Task prompt:
How many of the lines below have the word "finally" in them? The answer is that number and nothing more.
BEGIN
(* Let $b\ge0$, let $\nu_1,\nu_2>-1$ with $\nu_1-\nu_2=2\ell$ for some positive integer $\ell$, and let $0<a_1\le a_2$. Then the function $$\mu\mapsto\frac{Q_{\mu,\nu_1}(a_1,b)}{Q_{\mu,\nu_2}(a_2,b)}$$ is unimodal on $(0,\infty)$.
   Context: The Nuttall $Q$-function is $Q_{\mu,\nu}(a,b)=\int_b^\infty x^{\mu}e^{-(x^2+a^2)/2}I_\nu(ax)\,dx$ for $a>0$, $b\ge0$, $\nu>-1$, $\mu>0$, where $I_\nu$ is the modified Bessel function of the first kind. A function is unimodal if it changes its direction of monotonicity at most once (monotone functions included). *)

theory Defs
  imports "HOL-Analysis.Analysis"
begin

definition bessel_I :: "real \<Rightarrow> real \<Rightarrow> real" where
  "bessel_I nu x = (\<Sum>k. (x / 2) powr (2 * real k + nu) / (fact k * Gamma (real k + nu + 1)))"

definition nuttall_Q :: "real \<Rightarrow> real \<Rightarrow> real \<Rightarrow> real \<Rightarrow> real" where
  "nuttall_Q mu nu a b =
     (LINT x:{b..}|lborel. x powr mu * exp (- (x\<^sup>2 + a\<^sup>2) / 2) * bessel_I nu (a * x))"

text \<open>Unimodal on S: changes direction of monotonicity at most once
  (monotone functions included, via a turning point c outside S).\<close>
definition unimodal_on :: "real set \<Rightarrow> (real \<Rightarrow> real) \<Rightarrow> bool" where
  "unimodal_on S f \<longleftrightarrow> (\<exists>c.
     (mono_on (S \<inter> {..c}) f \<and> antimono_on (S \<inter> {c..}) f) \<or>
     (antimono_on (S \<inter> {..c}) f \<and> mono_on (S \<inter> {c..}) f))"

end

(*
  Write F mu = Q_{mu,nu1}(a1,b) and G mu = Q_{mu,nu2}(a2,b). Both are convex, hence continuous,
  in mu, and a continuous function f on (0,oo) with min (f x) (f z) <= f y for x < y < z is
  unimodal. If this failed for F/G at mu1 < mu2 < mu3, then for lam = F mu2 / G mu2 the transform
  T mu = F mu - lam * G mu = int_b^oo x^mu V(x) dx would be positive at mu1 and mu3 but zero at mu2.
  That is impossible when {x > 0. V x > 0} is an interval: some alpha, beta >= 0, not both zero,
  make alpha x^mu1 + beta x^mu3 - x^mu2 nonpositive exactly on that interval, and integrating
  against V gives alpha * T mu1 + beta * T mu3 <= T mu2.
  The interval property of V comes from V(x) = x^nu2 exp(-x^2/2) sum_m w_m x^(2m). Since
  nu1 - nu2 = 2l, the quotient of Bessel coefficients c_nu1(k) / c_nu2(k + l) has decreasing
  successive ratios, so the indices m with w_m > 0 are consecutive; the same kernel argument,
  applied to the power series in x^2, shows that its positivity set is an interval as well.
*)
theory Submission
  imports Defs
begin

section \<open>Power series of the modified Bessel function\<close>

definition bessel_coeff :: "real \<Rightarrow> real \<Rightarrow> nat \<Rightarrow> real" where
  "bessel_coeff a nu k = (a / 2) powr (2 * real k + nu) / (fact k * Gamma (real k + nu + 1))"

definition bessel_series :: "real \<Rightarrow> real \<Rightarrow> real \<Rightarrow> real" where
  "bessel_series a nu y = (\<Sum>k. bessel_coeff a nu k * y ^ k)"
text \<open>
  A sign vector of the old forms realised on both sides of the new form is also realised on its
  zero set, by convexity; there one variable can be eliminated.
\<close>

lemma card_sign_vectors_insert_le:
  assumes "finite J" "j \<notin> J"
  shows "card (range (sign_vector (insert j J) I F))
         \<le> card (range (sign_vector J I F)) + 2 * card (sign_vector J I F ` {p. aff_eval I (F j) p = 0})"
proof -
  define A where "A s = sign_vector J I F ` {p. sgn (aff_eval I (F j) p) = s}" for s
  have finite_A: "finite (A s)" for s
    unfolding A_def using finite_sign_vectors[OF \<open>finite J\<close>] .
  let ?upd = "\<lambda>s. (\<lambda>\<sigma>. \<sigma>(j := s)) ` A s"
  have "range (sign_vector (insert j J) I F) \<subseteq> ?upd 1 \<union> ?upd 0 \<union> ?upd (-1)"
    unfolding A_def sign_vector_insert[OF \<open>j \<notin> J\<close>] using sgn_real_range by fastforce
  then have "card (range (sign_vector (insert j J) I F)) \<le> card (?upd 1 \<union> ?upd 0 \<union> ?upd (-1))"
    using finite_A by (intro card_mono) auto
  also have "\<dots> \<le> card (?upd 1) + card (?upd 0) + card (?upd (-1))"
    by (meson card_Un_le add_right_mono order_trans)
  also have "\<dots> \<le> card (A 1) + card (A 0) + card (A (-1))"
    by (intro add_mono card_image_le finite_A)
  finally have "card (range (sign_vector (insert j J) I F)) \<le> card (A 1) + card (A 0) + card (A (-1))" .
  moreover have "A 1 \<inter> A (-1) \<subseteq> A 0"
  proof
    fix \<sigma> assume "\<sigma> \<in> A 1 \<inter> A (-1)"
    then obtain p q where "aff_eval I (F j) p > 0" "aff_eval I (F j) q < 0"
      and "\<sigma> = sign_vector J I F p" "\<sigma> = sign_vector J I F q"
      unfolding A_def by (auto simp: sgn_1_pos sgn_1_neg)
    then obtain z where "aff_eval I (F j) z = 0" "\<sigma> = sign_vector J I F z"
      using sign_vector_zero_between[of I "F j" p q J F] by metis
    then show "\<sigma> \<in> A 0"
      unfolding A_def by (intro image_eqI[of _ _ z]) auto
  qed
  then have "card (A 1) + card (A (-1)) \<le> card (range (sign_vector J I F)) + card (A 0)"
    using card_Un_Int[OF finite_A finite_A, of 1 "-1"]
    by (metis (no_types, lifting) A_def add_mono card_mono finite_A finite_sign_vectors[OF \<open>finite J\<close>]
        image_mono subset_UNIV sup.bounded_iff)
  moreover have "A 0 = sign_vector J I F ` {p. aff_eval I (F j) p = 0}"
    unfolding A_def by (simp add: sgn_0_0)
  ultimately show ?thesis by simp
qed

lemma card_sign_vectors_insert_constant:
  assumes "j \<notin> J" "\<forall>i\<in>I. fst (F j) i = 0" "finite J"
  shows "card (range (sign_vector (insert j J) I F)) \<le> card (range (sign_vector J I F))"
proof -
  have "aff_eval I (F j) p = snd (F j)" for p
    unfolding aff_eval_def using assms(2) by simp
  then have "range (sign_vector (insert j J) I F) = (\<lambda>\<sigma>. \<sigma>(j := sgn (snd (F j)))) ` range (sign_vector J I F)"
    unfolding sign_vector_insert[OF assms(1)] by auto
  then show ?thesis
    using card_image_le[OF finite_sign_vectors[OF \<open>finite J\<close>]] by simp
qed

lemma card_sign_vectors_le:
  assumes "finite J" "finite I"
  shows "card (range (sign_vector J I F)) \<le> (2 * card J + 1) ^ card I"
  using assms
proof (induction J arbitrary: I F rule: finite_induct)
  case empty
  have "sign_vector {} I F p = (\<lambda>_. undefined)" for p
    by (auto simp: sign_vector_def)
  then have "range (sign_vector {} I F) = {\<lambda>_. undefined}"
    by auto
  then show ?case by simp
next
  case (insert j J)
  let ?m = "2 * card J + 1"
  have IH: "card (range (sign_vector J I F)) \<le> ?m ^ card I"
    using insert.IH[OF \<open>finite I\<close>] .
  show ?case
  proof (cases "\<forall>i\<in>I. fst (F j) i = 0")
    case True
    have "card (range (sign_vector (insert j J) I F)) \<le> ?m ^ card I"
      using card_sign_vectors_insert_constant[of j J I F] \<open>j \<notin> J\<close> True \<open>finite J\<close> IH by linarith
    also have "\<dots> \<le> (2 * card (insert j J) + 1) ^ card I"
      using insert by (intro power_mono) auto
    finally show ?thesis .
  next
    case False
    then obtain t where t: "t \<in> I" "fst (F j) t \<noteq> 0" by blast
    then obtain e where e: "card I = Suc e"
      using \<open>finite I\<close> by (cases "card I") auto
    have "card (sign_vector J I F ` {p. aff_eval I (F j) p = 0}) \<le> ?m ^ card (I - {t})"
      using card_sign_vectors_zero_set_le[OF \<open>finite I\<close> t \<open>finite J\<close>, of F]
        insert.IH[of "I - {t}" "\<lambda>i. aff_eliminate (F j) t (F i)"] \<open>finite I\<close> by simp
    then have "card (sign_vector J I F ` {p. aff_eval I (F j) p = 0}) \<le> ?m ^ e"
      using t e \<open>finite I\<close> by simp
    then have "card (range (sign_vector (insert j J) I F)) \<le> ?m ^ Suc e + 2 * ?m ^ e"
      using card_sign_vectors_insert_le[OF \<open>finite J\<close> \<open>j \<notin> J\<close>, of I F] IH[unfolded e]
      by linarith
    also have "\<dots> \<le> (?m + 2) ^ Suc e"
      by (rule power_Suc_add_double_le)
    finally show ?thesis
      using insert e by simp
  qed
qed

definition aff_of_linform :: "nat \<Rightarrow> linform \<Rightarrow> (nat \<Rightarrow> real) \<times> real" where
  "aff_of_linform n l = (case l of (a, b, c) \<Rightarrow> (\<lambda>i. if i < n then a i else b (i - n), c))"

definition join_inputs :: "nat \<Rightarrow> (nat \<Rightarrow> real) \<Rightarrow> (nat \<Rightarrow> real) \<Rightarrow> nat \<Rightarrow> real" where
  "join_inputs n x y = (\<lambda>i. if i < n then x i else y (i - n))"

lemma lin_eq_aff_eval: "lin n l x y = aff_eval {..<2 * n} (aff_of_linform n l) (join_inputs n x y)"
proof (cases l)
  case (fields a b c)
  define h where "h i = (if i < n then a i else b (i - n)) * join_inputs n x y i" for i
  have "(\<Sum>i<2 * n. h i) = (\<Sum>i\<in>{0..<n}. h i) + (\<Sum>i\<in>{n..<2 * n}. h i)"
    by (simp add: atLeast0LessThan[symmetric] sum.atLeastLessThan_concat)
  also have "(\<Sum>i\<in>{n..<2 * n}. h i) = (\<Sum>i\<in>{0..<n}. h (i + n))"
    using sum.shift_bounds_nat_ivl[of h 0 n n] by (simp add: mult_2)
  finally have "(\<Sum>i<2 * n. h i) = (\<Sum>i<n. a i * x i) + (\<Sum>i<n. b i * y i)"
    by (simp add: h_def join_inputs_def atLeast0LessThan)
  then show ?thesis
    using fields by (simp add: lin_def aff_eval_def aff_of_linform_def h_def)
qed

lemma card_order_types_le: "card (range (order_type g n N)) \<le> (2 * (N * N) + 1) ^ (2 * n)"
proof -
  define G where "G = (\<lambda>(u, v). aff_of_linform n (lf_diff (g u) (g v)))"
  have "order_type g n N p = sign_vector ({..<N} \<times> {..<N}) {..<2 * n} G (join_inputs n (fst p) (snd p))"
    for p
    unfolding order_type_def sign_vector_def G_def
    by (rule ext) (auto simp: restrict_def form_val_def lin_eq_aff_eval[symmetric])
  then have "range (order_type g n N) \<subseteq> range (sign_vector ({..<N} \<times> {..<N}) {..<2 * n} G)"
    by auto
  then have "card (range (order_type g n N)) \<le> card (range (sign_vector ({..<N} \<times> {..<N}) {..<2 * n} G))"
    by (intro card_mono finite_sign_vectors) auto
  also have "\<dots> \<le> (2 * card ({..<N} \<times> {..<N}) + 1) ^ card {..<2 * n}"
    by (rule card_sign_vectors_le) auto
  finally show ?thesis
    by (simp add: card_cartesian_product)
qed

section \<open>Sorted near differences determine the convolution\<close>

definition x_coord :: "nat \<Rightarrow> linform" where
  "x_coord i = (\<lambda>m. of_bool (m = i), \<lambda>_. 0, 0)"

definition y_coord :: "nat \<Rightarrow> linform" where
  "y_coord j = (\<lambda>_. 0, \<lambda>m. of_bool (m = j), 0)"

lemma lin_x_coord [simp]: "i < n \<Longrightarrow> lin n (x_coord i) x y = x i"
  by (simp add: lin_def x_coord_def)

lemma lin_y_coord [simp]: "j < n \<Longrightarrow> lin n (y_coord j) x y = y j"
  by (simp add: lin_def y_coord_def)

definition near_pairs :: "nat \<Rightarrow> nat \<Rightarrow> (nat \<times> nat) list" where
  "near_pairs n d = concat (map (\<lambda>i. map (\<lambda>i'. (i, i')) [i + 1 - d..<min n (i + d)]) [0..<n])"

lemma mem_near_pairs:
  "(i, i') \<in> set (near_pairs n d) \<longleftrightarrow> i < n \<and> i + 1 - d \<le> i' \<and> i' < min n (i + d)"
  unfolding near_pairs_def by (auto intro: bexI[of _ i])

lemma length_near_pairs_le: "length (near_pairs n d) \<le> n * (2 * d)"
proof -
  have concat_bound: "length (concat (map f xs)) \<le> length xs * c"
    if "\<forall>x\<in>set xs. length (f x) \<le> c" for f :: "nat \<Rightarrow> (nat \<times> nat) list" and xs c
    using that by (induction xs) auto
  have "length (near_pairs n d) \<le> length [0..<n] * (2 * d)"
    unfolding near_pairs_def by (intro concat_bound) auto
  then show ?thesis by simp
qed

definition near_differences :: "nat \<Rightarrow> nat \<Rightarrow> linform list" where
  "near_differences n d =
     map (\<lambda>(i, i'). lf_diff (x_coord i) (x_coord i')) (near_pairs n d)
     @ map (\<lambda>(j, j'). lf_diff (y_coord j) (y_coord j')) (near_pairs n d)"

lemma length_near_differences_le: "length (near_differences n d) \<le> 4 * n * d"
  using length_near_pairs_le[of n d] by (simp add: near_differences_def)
END
Result for this task:
5